BEGIN Supplied data

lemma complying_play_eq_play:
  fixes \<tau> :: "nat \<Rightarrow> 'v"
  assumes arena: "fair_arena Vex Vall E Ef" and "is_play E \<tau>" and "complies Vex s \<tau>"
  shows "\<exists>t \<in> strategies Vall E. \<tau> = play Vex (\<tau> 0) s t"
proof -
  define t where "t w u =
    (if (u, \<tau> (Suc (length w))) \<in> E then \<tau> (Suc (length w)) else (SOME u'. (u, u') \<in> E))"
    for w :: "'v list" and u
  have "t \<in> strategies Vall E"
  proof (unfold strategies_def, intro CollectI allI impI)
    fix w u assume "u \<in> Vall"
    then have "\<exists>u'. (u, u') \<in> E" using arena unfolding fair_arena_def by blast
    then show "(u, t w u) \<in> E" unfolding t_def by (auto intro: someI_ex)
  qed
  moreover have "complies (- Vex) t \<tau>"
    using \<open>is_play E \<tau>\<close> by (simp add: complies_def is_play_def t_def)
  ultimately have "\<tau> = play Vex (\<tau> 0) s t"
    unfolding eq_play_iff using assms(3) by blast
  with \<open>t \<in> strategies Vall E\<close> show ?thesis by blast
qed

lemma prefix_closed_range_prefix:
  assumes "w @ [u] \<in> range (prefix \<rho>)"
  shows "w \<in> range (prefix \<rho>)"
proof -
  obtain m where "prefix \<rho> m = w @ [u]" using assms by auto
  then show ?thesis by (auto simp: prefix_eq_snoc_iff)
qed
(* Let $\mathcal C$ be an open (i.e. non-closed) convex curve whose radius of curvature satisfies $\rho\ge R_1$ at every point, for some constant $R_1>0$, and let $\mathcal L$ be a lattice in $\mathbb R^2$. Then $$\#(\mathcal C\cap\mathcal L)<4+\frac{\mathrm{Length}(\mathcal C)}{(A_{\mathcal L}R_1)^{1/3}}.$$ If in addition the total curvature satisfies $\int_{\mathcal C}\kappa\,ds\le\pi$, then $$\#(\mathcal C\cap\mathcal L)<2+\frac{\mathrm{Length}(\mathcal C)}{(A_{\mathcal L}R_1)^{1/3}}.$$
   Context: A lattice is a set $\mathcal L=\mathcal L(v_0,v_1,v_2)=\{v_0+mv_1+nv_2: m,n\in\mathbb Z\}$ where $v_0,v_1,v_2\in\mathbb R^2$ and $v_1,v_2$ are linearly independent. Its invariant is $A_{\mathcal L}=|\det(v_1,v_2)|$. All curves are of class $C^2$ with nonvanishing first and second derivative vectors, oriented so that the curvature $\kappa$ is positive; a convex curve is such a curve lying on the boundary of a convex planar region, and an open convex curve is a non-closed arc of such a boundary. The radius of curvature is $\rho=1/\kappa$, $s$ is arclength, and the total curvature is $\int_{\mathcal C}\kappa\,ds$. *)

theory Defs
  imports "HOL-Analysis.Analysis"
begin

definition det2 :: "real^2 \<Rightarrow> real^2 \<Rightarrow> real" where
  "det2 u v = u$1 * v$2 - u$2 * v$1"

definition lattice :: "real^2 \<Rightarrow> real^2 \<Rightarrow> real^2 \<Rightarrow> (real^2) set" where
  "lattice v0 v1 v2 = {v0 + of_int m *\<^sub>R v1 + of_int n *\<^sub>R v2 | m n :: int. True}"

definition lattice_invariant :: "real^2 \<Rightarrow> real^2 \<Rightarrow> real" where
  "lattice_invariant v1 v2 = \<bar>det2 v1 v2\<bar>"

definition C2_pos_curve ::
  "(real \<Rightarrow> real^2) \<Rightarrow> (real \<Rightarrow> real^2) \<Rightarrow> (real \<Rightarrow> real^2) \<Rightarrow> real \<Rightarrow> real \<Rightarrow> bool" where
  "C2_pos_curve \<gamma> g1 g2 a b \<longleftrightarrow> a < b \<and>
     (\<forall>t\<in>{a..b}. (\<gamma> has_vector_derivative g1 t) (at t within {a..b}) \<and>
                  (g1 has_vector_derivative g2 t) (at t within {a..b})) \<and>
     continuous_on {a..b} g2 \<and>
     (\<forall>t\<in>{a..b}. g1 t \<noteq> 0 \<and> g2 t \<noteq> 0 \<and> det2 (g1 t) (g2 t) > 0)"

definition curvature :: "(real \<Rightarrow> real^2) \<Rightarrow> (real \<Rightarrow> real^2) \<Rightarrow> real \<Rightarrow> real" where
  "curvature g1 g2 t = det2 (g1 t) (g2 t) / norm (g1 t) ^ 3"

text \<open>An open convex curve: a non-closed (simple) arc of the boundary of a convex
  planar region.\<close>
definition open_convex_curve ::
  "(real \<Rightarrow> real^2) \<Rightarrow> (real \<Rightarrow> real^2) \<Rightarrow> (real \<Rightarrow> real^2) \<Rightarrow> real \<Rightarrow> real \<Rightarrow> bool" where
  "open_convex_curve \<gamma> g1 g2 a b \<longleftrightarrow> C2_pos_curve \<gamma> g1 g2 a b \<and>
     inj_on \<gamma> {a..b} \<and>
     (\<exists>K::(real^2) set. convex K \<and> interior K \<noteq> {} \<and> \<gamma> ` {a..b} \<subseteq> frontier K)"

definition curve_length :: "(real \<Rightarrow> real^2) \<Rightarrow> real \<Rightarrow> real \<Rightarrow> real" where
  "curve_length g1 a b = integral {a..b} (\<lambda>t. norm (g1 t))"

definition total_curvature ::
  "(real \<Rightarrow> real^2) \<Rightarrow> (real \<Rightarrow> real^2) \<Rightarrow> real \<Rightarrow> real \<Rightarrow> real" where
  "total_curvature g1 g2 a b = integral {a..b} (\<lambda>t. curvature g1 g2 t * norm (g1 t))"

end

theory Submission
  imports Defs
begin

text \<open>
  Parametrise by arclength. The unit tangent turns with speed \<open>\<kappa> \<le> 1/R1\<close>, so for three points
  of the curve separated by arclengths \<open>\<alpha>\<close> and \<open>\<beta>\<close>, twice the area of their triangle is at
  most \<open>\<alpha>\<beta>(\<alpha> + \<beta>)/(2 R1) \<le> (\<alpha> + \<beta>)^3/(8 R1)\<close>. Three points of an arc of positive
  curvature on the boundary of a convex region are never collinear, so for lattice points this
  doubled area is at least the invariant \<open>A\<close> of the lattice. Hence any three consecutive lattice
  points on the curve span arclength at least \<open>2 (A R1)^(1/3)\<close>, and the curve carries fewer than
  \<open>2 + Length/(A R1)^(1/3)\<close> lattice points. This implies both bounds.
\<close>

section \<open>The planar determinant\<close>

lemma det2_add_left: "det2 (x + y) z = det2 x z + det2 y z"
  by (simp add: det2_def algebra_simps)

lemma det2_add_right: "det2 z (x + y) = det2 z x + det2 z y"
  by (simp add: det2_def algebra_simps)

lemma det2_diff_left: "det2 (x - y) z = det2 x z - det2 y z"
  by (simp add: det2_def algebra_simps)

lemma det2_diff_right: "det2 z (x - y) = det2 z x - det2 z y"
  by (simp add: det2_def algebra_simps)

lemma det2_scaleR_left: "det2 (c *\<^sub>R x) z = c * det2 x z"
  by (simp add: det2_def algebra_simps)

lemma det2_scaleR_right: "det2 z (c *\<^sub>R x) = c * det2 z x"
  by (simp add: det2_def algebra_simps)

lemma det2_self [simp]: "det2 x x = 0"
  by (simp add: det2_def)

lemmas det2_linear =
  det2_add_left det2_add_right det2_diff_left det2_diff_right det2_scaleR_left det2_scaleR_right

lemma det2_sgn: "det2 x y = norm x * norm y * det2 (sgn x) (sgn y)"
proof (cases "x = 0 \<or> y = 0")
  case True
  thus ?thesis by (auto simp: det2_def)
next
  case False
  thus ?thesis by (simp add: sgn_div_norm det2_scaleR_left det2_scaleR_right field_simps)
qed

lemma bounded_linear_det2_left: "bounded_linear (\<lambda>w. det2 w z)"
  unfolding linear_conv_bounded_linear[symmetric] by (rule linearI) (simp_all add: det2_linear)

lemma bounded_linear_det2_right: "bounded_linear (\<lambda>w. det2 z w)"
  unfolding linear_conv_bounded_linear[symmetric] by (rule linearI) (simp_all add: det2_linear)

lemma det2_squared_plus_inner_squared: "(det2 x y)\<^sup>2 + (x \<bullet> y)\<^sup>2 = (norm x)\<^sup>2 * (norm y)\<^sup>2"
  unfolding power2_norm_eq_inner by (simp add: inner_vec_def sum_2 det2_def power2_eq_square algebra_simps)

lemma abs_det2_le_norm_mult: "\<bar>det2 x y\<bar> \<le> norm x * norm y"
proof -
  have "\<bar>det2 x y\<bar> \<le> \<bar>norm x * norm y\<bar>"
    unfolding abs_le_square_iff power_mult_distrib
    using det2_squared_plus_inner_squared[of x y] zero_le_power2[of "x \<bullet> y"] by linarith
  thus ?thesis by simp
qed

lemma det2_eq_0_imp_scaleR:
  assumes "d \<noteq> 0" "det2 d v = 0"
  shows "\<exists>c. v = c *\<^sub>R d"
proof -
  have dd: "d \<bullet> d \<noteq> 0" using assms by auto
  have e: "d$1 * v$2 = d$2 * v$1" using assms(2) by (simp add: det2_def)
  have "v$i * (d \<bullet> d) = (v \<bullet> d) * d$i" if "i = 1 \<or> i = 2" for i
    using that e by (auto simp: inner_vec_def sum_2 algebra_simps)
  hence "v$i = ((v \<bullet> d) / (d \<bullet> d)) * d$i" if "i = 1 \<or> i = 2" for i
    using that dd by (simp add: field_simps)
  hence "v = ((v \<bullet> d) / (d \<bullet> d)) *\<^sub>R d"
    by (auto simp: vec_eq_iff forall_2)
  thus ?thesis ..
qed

END Supplied data
BEGIN Supplied data

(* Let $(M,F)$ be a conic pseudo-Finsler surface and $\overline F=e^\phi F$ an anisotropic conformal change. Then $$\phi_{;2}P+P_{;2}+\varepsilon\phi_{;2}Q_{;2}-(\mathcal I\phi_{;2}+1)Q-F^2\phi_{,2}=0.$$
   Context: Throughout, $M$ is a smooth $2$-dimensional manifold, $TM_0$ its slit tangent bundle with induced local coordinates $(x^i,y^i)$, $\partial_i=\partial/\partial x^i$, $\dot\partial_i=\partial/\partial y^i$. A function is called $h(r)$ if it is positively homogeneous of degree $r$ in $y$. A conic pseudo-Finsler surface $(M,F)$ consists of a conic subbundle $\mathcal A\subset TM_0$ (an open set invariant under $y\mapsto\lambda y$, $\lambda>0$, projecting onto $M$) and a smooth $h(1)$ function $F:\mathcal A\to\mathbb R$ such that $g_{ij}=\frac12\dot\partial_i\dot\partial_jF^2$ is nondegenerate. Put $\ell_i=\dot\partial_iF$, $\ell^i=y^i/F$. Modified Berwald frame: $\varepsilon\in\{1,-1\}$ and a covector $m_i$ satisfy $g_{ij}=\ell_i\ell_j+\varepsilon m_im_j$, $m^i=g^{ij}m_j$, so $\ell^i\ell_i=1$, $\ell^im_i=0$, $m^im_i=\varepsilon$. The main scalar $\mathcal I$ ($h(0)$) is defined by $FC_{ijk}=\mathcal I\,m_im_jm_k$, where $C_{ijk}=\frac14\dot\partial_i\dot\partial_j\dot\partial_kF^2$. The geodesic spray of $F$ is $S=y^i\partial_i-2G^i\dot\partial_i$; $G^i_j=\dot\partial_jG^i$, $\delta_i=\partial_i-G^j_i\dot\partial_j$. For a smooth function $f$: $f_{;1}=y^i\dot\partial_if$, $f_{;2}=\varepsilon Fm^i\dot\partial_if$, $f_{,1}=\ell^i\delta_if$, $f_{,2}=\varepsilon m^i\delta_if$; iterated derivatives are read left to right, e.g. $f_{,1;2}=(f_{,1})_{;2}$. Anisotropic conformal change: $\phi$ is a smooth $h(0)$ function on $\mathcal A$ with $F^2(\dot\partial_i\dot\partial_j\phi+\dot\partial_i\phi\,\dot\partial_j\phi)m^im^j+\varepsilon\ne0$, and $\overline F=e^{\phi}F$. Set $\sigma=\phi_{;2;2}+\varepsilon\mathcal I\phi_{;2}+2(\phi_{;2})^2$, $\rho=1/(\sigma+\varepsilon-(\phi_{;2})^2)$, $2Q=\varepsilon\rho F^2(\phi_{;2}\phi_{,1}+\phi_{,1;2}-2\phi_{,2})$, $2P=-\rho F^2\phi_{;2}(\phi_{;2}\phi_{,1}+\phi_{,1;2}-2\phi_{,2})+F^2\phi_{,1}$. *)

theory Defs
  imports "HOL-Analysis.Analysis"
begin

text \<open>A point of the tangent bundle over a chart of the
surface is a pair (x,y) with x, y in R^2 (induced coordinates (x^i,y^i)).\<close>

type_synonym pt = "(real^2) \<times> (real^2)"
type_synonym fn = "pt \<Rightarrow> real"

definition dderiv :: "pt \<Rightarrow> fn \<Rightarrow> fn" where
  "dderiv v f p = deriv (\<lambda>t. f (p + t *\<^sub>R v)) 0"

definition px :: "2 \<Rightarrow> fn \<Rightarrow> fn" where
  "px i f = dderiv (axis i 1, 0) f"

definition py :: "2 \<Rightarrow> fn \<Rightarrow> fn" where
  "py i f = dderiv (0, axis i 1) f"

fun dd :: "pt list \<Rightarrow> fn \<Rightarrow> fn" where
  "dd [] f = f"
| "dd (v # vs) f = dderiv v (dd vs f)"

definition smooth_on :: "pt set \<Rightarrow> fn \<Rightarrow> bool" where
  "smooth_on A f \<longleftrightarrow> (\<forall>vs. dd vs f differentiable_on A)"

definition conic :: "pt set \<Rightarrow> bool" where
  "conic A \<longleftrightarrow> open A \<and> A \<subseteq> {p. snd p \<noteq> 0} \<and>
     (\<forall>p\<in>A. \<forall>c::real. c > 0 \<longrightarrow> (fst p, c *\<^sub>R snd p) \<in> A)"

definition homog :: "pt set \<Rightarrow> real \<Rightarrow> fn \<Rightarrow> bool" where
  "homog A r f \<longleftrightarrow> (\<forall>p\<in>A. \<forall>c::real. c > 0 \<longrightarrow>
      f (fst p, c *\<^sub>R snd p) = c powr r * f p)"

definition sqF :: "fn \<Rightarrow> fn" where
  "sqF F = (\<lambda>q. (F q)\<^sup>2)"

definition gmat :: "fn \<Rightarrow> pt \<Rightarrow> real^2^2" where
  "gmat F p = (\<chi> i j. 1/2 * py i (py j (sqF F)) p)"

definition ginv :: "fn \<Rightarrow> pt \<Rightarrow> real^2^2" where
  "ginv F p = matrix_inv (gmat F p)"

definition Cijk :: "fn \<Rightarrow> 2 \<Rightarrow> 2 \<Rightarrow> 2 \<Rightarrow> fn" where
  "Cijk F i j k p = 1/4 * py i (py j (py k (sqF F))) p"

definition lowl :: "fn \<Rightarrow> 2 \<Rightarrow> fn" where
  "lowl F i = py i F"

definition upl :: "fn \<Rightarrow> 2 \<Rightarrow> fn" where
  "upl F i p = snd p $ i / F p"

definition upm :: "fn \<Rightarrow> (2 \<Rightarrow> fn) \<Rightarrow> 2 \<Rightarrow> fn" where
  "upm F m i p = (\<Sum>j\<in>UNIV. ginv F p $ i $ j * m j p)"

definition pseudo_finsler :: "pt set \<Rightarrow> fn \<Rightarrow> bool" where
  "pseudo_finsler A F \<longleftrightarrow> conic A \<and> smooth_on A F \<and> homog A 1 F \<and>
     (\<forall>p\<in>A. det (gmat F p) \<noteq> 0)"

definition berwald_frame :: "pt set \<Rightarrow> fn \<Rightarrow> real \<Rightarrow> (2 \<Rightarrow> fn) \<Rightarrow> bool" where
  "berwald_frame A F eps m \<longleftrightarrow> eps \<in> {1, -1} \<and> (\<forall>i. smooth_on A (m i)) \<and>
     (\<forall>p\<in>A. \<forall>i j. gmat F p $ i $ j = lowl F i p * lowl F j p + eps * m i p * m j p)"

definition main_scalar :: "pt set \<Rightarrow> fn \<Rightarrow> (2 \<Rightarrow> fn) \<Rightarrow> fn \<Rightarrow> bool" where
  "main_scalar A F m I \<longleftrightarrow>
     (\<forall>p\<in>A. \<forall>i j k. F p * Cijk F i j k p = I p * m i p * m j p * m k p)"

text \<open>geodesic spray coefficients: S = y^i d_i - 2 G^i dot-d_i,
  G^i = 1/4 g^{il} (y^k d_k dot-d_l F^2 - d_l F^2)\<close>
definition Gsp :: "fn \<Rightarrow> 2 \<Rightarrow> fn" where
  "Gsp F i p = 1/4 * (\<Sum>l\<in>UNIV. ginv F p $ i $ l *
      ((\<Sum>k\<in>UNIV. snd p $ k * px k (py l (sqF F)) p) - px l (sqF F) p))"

END Supplied data
BEGIN Supplied data

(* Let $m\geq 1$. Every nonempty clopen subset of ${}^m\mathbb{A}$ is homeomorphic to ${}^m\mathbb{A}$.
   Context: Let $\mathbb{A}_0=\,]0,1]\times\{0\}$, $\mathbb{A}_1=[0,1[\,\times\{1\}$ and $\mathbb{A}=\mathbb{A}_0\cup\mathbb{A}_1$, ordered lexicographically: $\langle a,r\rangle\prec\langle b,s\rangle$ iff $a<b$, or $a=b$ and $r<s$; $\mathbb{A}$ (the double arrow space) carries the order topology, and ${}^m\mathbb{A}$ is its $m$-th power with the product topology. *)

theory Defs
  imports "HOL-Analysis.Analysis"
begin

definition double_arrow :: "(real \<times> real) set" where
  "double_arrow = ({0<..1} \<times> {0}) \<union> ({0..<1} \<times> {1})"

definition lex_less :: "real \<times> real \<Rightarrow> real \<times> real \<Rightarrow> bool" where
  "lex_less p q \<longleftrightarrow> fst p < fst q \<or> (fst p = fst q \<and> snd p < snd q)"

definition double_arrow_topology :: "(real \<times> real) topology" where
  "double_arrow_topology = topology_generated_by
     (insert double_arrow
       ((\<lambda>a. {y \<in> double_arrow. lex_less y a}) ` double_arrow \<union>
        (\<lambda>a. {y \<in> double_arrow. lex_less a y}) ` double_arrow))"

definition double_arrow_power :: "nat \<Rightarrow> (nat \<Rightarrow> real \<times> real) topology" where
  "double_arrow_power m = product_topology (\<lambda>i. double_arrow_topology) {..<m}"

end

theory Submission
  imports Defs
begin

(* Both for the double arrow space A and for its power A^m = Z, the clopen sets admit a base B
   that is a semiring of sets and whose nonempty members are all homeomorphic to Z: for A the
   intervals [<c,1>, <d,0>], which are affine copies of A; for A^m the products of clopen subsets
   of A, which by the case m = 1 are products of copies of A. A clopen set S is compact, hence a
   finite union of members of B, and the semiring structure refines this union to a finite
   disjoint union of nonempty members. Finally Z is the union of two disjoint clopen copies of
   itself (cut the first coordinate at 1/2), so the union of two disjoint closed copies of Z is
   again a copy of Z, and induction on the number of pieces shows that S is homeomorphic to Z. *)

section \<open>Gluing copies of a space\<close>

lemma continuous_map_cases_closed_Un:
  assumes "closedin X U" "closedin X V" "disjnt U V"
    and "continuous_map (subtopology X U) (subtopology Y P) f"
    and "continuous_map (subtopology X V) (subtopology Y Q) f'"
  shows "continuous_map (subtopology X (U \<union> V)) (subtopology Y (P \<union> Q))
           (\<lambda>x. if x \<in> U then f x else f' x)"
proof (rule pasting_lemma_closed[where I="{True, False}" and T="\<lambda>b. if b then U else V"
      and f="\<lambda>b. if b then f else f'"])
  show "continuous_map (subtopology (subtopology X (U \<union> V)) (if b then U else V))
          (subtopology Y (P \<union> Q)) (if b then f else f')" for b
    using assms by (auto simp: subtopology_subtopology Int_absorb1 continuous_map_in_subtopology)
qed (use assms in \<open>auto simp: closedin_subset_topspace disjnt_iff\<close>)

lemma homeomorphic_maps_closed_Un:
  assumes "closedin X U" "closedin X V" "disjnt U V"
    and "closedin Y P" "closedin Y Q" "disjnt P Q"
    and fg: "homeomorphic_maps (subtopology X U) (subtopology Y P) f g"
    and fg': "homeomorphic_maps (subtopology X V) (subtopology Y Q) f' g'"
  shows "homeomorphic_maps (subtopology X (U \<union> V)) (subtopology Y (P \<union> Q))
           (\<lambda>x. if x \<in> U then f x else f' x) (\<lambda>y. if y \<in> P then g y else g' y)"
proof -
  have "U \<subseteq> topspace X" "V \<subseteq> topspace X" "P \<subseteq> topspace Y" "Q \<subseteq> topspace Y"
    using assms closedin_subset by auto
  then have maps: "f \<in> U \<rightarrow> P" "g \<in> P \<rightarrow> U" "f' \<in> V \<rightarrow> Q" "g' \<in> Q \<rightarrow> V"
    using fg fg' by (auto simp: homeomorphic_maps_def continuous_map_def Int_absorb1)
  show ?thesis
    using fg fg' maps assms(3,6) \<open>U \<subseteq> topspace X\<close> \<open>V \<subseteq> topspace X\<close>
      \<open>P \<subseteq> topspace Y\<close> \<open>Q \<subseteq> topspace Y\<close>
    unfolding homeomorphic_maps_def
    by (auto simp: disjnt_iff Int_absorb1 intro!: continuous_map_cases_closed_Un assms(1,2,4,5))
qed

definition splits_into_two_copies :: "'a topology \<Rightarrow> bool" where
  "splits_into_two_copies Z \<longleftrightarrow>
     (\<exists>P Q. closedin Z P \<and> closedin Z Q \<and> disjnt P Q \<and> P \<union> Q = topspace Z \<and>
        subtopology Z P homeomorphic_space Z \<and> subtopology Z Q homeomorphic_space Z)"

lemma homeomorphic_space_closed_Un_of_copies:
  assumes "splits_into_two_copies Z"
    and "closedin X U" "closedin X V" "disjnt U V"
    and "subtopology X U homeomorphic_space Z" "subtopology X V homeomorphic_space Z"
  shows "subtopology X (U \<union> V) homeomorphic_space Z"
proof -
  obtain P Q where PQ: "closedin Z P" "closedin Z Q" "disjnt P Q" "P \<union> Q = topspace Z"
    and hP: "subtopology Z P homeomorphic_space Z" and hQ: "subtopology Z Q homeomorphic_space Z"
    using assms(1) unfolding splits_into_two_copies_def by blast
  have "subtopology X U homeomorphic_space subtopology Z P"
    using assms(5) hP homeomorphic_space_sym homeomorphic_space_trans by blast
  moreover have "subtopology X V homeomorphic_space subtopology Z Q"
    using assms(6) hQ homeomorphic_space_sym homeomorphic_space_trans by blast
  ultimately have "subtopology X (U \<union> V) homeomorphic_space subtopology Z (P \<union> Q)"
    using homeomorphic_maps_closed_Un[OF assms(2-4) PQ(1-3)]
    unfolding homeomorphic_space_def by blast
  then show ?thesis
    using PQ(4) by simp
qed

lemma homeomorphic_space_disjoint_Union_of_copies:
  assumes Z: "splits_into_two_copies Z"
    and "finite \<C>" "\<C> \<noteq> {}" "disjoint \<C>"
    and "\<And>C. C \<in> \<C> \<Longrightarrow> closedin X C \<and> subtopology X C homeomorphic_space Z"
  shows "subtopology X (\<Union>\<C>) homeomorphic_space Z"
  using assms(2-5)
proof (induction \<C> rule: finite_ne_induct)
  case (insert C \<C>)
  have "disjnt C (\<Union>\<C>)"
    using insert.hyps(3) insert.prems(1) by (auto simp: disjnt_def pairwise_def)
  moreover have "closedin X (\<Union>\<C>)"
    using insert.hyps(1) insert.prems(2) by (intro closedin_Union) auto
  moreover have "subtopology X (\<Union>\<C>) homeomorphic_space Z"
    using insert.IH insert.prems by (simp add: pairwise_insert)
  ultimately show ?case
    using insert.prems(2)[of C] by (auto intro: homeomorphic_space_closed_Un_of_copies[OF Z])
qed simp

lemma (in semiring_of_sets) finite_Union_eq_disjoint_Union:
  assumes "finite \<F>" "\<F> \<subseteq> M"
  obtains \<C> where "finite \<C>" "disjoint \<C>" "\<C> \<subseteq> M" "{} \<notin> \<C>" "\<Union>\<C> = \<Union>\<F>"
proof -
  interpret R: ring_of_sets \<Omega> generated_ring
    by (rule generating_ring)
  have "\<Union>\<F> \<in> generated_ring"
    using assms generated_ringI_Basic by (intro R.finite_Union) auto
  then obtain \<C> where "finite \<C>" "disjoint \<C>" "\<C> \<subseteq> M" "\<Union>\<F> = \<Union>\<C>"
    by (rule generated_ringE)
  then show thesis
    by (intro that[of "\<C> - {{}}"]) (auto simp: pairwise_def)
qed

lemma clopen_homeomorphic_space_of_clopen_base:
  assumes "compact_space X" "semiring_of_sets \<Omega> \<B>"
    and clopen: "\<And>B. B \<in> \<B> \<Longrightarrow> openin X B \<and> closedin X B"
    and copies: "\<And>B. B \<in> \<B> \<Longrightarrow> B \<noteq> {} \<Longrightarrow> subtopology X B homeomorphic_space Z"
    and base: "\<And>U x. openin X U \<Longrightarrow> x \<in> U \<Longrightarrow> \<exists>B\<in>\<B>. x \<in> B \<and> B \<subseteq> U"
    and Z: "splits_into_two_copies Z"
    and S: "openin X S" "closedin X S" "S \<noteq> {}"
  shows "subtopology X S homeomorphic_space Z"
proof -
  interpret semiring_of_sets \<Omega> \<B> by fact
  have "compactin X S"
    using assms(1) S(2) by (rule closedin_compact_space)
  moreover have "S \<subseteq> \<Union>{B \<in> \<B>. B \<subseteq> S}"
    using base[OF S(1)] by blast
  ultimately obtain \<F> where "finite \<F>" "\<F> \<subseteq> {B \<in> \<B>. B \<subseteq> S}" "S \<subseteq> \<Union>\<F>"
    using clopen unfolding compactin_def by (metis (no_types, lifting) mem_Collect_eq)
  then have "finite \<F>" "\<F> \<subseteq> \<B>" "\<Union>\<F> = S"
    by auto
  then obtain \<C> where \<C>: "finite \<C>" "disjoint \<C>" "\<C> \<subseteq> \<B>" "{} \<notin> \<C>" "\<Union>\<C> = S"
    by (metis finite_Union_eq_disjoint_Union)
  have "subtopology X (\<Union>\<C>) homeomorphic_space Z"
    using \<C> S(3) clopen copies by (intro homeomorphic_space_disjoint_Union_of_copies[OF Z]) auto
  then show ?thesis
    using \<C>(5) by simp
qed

END Supplied data

About this exercise: From the entries above, restate word for word the lines from the line containing "using assms(6) hQ" to the line containing "case (insert C \<C>)", both ends included, and nothing more.

Result:
    using assms(6) hQ homeomorphic_space_sym homeomorphic_space_trans by blast
  ultimately have "subtopology X (U \<union> V) homeomorphic_space subtopology Z (P \<union> Q)"
    using homeomorphic_maps_closed_Un[OF assms(2-4) PQ(1-3)]
    unfolding homeomorphic_space_def by blast
  then show ?thesis
    using PQ(4) by simp
qed

lemma homeomorphic_space_disjoint_Union_of_copies:
  assumes Z: "splits_into_two_copies Z"
    and "finite \<C>" "\<C> \<noteq> {}" "disjoint \<C>"
    and "\<And>C. C \<in> \<C> \<Longrightarrow> closedin X C \<and> subtopology X C homeomorphic_space Z"
  shows "subtopology X (\<Union>\<C>) homeomorphic_space Z"
  using assms(2-5)
proof (induction \<C> rule: finite_ne_induct)
  case (insert C \<C>)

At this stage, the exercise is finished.